*Description of the task*.
For every line in the records below that holds "sigma", make a copy.

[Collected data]

=== Section Start ===

lemma prox_objective_min_variational:
  assumes lam: "lam > 0"
    and min: "\<And>y. prox_objective lam \<phi> z p \<le> prox_objective lam \<phi> z y"
  shows "\<phi> p + ereal (inner (z - p) (y - p) / lam) \<le> \<phi> y"
proof (cases "\<phi> y")
  case (real py)
  obtain pp where pp: "\<phi> p = ereal pp"
    using prox_objective_min_finite[OF min] proper_fun_not_MInf[OF proper] by (cases "\<phi> p") auto
  define v where "v = z - p"
  define u where "u = y - p"
  \<comment> \<open>Compare p with the points of the segment towards y, then let them tend to p.\<close>
  have "pp - py + inner v u / lam \<le> t * (norm u^2 / (2 * lam))" if t: "0 < t" "t < 1" for t
  proof -
    define w where "w = (1 - t) *\<^sub>R p + t *\<^sub>R y"
    have "\<phi> w \<le> ereal (1 - t) * \<phi> p + ereal t * \<phi> y"
      using conv t unfolding ereal_convex_def w_def by blast
    then obtain pw where pw: "\<phi> w = ereal pw" "pw \<le> (1 - t) * pp + t * py"
      using pp real proper_fun_not_MInf[OF proper, of w] by (cases "\<phi> w") auto
    have "z - w = v - t *\<^sub>R u" by (simp add: w_def v_def u_def algebra_simps)
    then have "norm (z - w)^2 = inner (v - t *\<^sub>R u) (v - t *\<^sub>R u)"
      by (simp add: power2_norm_eq_inner)
    also have "\<dots> = norm v^2 - 2 * t * inner v u + t^2 * norm u^2"
      by (simp add: power2_norm_eq_inner inner_diff_left inner_diff_right inner_commute[of u v]
          power2_eq_square[of t] algebra_simps)
    finally have "norm (z - w)^2 / (2 * lam)
        = norm v^2 / (2 * lam) - t * (inner v u / lam) + t * (t * (norm u^2 / (2 * lam)))"
      using lam by (simp add: field_simps power2_eq_square)
    moreover have "pp + norm v^2 / (2 * lam) \<le> pw + norm (z - w)^2 / (2 * lam)"
      using min[of w] pp pw by (simp add: prox_objective_def v_def)
    moreover have "pw \<le> pp - t * pp + t * py" using pw(2) by (simp add: algebra_simps)
    ultimately have "t * (pp - py + inner v u / lam) \<le> t * (t * (norm u^2 / (2 * lam)))"
      by (simp add: distrib_left right_diff_distrib)
    then show ?thesis using t(1) by (rule mult_left_le_imp_le)
  qed
  then have "pp - py + inner v u / lam \<le> 0 * (norm u^2 / (2 * lam))"
    by (intro tendsto_lowerbound[of "\<lambda>t. t * (norm u^2 / (2 * lam))" _ "at_right 0"] tendsto_intros)
      (auto intro: eventually_mono[OF eventually_at_right_real[of 0 1]])
  then show ?thesis using pp real by (simp add: v_def u_def)
qed (use proper_fun_not_MInf[OF proper] in auto)
lemma optimal_imp_Fritz_John:
  fixes f :: "'a::euclidean_space \<Rightarrow> real" and g :: "'z::metric_space \<Rightarrow> 'a \<Rightarrow> real"
  assumes T: "compact T" and convex_f: "convex_on UNIV f" and convex_g: "\<forall>t\<in>T. convex_on UNIV (g t)"
    and g: "continuous_on (T \<times> UNIV) (\<lambda>(t, x). g t x)" and b: "continuous_on T b"
    and opt: "x \<in> optset T f g c b"
  shows "0 \<in> convex hull ((+) c ` subdiff f x \<union> (\<Union>t\<in>active T g b x. subdiff (g t) x))"
proof (rule ccontr)
  let ?P = "(+) c ` subdiff f x" and ?A = "\<Union>t\<in>active T g b x. subdiff (g t) x"
  assume "0 \<notin> convex hull (?P \<union> ?A)"
  moreover have "compact (?P \<union> ?A)"
    using compact_subdiff[OF convex_f] compact_active_subgradients[OF T g b]
    by (intro compact_Un compact_translation)
  ultimately obtain d where downhill: "\<forall>z\<in>?P \<union> ?A. inner z d < 0"
    using zero_notin_convex_hull_imp_direction by blast
  define \<phi> where "\<phi> = (\<lambda>y. f y + inner c y)"
  have convex_\<phi>: "convex_on UNIV \<phi>"
    unfolding \<phi>_def by (intro convex_on_add convex_f) (simp add: convex_on_def inner_add_right)
  have "inner v d < 0" if "v \<in> subdiff \<phi> x" for v
  proof -
    have "c + (v - c) \<in> ?P"
      using that subdiff_add_inner unfolding \<phi>_def by blast
    then show ?thesis
      using downhill by simp
  qed
  then obtain \<sigma>0 where \<sigma>0: "0 < \<sigma>0" "\<phi> (x + \<sigma>0 *\<^sub>R d) < \<phi> x"
    using descent_direction[OF convex_\<phi>] by blast
  have feasible: "\<forall>t\<in>T. g t x \<le> b t"
    using opt by (simp add: optset_def feas_def)
  have "\<forall>t\<in>T. \<exists>\<sigma>>0. g t (x + \<sigma> *\<^sub>R d) < b t"
  proof
    fix t assume "t \<in> T"
    then show "\<exists>\<sigma>>0. g t (x + \<sigma> *\<^sub>R d) < b t"
      using convex_g feasible downhill by (intro convex_on_step_below) (auto simp: active_def)
  qed
  then obtain s where s: "0 < s" "\<forall>s'\<in>{0<..s}. \<forall>t\<in>T. g t (x + s' *\<^sub>R d) \<le> b t"
    using uniform_feasible_step[OF T convex_g g b feasible] by blast
  then have "x + min s \<sigma>0 *\<^sub>R d \<in> feas T g b"
    using \<sigma>0(1) by (simp add: feas_def)
  then have "\<phi> x \<le> \<phi> (x + min s \<sigma>0 *\<^sub>R d)"
    using opt by (simp add: optset_def \<phi>_def)
  moreover have "\<phi> (x + min s \<sigma>0 *\<^sub>R d) < \<phi> x"
    using convex_on_ray_less[OF convex_\<phi> order_refl \<sigma>0(2)] s(1) \<sigma>0(1) by simp
  ultimately show False
    by simp
qed

lemma optimal_imp_KKT_cone:
  fixes f :: "'a::euclidean_space \<Rightarrow> real" and g :: "'z::metric_space \<Rightarrow> 'a \<Rightarrow> real"
  assumes T: "compact T" and convex_f: "convex_on UNIV f" and convex_g: "\<forall>t\<in>T. convex_on UNIV (g t)"
    and g: "continuous_on (T \<times> UNIV) (\<lambda>(t, x). g t x)" and b: "continuous_on T b"
    and opt: "x \<in> optset T f g c b" and slater: "slater T g b"
  shows "\<exists>u\<in>subdiff f x. \<exists>F w. finite F \<and> card F \<le> DIM('a) \<and>
           F \<subseteq> (\<Union>t\<in>active T g b x. subdiff (g t) x) \<and> (\<forall>v\<in>F. 0 \<le> w v) \<and>
           - (u + c) = (\<Sum>v\<in>F. w v *\<^sub>R v)"
proof -
  let ?P = "(+) c ` subdiff f x" and ?A = "\<Union>t\<in>active T g b x. subdiff (g t) x"
  obtain S \<alpha> where S: "finite S" "S \<subseteq> ?P \<union> ?A" "card S \<le> DIM('a) + 1"
    and \<alpha>: "\<forall>v\<in>S. 0 \<le> \<alpha> v" "sum \<alpha> S = 1" "(\<Sum>v\<in>S. \<alpha> v *\<^sub>R v) = 0"
    using optimal_imp_Fritz_John[OF T convex_f convex_g g b opt]
    unfolding convex_hull_caratheodory by blast
  have "convex ?P"
    by (intro convex_translation convex_subdiff)
  then obtain p w where "S \<inter> ?P \<noteq> {}" and "p \<in> ?P" and w: "\<forall>v\<in>S - ?P. 0 \<le> w v"
    and p: "- p = (\<Sum>v\<in>S - ?P. w v *\<^sub>R v)"
    using convex_combination_zero_split[OF _ slater_zero_notin_convex_hull_active[OF slater] S(1,2) \<alpha>]
    by blast
  then obtain u where "u \<in> subdiff f x" and "p = c + u"
    by blast
  moreover have "card (S - ?P) \<le> DIM('a)"
    using S(1,3) \<open>S \<inter> ?P \<noteq> {}\<close> card_Diff_subset_Int[of S ?P] card_gt_0_iff[of "S \<inter> ?P"] by simp
  moreover have "S - ?P \<subseteq> ?A"
    using S(2) by blast
  ultimately show ?thesis
    using S(1) w p by (intro bexI[of _ u] exI[of _ "S - ?P"] exI[of _ w]) (simp_all add: add.commute)
qed

lemma optimal_imp_KKT_certificate:
  fixes f :: "real^'n \<Rightarrow> real" and g :: "'z::metric_space \<Rightarrow> real^'n \<Rightarrow> real"
  assumes T: "compact T" and convex_f: "convex_on UNIV f" and convex_g: "\<forall>t\<in>T. convex_on UNIV (g t)"
    and g: "continuous_on (T \<times> UNIV) (\<lambda>(t, x). g t x)" and b: "continuous_on T b"
    and opt: "x \<in> optset T f g c b" and slater: "slater T g b" and "T \<noteq> {}"
  shows "\<exists>u \<tau> \<nu> (\<omega> :: 'n \<Rightarrow> real). KKT_certificate T f g c b x u \<tau> \<nu> \<omega>"
proof -
  obtain u F w where u: "u \<in> subdiff f x" and F: "finite F" "card F \<le> CARD('n)"
    "F \<subseteq> (\<Union>t\<in>active T g b x. subdiff (g t) x)" "\<forall>v\<in>F. 0 \<le> w v" "- (u + c) = (\<Sum>v\<in>F. w v *\<^sub>R v)"
    using optimal_imp_KKT_cone[OF assms(1-7)] by auto
  obtain e :: "real^'n \<Rightarrow> 'n" where e: "inj_on e F"
    using card_le_inj[OF F(1) finite_class.finite_UNIV] F(2) by auto
  have "\<forall>v\<in>F. \<exists>t. t \<in> active T g b x \<and> v \<in> subdiff (g t) x"
    using F(3) by blast
  then obtain tv where tv: "\<forall>v\<in>F. tv v \<in> active T g b x \<and> v \<in> subdiff (g (tv v)) x"
    by (rule bchoice[THEN exE]) blast
  obtain t0 v0 where t0: "t0 \<in> T" "v0 \<in> subdiff (g t0) x"
    using \<open>T \<noteq> {}\<close> subdiff_nonempty convex_g by blast
  define \<nu> where "\<nu> i = (if i \<in> e ` F then inv_into F e i else v0)" for i
  define \<tau> where "\<tau> i = (if i \<in> e ` F then tv (\<nu> i) else t0)" for i
  define \<omega> where "\<omega> i = (if i \<in> e ` F then w (\<nu> i) else 0)" for i
  have \<nu>F: "\<nu> i \<in> F" if "i \<in> e ` F" for i
    using that by (simp add: \<nu>_def inv_into_into)
  have \<nu>0: "\<nu> i = v0" if "i \<notin> e ` F" for i
    using that by (simp add: \<nu>_def)
  have "(\<Sum>i\<in>UNIV. \<omega> i *\<^sub>R \<nu> i) = (\<Sum>i\<in>e ` F. \<omega> i *\<^sub>R \<nu> i)"
    by (rule sum.mono_neutral_right) (auto simp: \<omega>_def)
  also have "\<dots> = (\<Sum>v\<in>F. w v *\<^sub>R v)"
    using e by (simp add: sum.reindex \<omega>_def \<nu>_def)
  finally have "KKT_certificate T f g c b x u \<tau> \<nu> \<omega>"
    using u F(4,5) tv t0 \<nu>F \<nu>0 by (auto simp: KKT_certificate_def \<tau>_def \<omega>_def active_def)
  then show ?thesis
    by blast
qed
lemma expansion_failure_in_sets: "expansion_failure n a \<beta> \<in> sets (weight_space n)"
  unfolding expansion_failure_def
  by (intro sets.finite_UN finite_small_sets finite_deficient_sets nbhd_witnesses_in_sets)
    (auto simp: small_sets_def deficient_sets_def)

lemma measure_nbhd_witnesses_le:
  fixes a :: real
  assumes S: "S \<subseteq> {1..n}" and T: "T \<subseteq> {1..n} - S" and st: "card S + card T \<le> n div 2"
    and a: "0 \<le> a"
  shows "measure (weight_space n) (\<Union>c\<in>T \<rightarrow>\<^sub>E S. nbhd_witness n a S T c)
           \<le> (card S * a) ^ card T * exp (- a * card S * n / 2)"
proof -
  have fin: "finite S" "finite T" using S T by (auto intro: finite_subset)
  have "card ({1..n} - S - T) = n - card S - card T"
    using S T fin by (simp add: card_Diff_subset Diff_subset_conv)
  then have "real n / 2 \<le> card ({1..n} - S - T)" using st by linarith
  then have "a * card S * (n / 2) \<le> a * card S * card ({1..n} - S - T)"
    using a by (intro mult_left_mono) auto
  then have "exp (-a) ^ (card S * card ({1..n} - S - T)) \<le> exp (- a * card S * n / 2)"
    by (simp add: mult_ac flip: exp_of_nat_mult)
  then have witness_le: "a ^ card T * exp (-a) ^ (card S * card ({1..n} - S - T))
      \<le> a ^ card T * exp (- a * card S * n / 2)"
    using a by (intro mult_left_mono) auto
  have "measure (weight_space n) (\<Union>c\<in>T \<rightarrow>\<^sub>E S. nbhd_witness n a S T c)
      \<le> (\<Sum>c\<in>T \<rightarrow>\<^sub>E S. measure (weight_space n) (nbhd_witness n a S T c))"
    using S T fin by (intro measure_UNION_le finite_PiE nbhd_witness_in_sets) auto
  also have "\<dots> \<le> (\<Sum>c\<in>T \<rightarrow>\<^sub>E S. a ^ card T * exp (- a * card S * n / 2))"
    using S T a by (intro sum_mono order_trans[OF measure_nbhd_witness_le witness_le]) auto
  also have "\<dots> = (card S * a) ^ card T * exp (- a * card S * n / 2)"
    using fin by (simp add: card_funcsetE power_mult_distrib)
  finally show ?thesis .
qed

=== Section End ===

*Output for this task*.
  then obtain \<sigma>0 where \<sigma>0: "0 < \<sigma>0" "\<phi> (x + \<sigma>0 *\<^sub>R d) < \<phi> x"
  have "\<forall>t\<in>T. \<exists>\<sigma>>0. g t (x + \<sigma> *\<^sub>R d) < b t"
    then show "\<exists>\<sigma>>0. g t (x + \<sigma> *\<^sub>R d) < b t"
  then have "x + min s \<sigma>0 *\<^sub>R d \<in> feas T g b"
    using \<sigma>0(1) by (simp add: feas_def)
  then have "\<phi> x \<le> \<phi> (x + min s \<sigma>0 *\<^sub>R d)"
  moreover have "\<phi> (x + min s \<sigma>0 *\<^sub>R d) < \<phi> x"
    using convex_on_ray_less[OF convex_\<phi> order_refl \<sigma>0(2)] s(1) \<sigma>0(1) by simp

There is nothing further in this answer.